### RECORDED DATA
(* Let $(\mathcal{A},E,\mathcal{B})$ be an operator-valued $C^*$-probability space and $\varphi$ a state on $\mathcal{A}$ with $\varphi=\varphi\circ E$. Let $B\in\mathcal{A}$ be a centered $\mathcal{B}$-valued Bernoulli element with variance map $\eta(b)=E[BbB]$. Then for every $n\in\mathbb{N}$, $\varphi(B^{2n})=\varphi(\eta(1)^n)$ and $\varphi(B^{2n+1})=0$. In particular, if $\mu_B$ and $\mu_{\eta(1)}$ denote the distributions of $B$ and of $\eta(1)$ with respect to $\varphi$, then $\mu_B$ is the unique symmetric probability measure on $\mathbb{R}$ whose push-forward under $t\mapsto t^2$ equals $\mu_{\eta(1)}$.
   Context: $(\mathcal{A},E,\mathcal{B})$: unital $C^*$-algebra, unital $C^*$-subalgebra $\mathcal{B}$, completely positive conditional expectation $E$. A centered $\mathcal{B}$-valued Bernoulli element with variance $\eta$ is $s=s^*\in\mathcal{A}$ with $E[b_0sb_1s\cdots sb_k]=b_0\eta(b_1)b_2\eta(b_3)\cdots\eta(b_{k-1})b_k$ for even $k$ and $0$ for odd $k$. *)

theory Defs
  imports "HOL-Probability.Probability"
begin

class cstar_algebra = real_normed_algebra_1 + banach +
  fixes scaleC :: "complex \<Rightarrow> 'a \<Rightarrow> 'a"
    and cstar :: "'a \<Rightarrow> 'a"
  assumes scaleC_of_real: "scaleC (complex_of_real r) x = scaleR r x"
    and scaleC_add_left: "scaleC (a + b) x = scaleC a x + scaleC b x"
    and scaleC_add_right: "scaleC a (x + y) = scaleC a x + scaleC a y"
    and scaleC_scaleC: "scaleC a (scaleC b x) = scaleC (a * b) x"
    and scaleC_one: "scaleC 1 x = x"
    and scaleC_mult_left: "scaleC a (x * y) = scaleC a x * y"
    and scaleC_mult_right: "scaleC a (x * y) = x * scaleC a y"
    and norm_scaleC: "norm (scaleC a x) = cmod a * norm x"
    and cstar_cstar: "cstar (cstar x) = x"
    and cstar_add: "cstar (x + y) = cstar x + cstar y"
    and cstar_mult: "cstar (x * y) = cstar y * cstar x"
    and cstar_scaleC: "cstar (scaleC a x) = scaleC (cnj a) (cstar x)"
    and cstar_identity: "norm (cstar x * x) = (norm x)\<^sup>2"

### TASK DESCRIPTION
Only the lines from the one with "y) = cstar y" through the last line above should be restated, word for word.

### COMPLETED EXERCISE
    and cstar_mult: "cstar (x * y) = cstar y * cstar x"
    and cstar_scaleC: "cstar (scaleC a x) = scaleC (cnj a) (cstar x)"
    and cstar_identity: "norm (cstar x * x) = (norm x)\<^sup>2"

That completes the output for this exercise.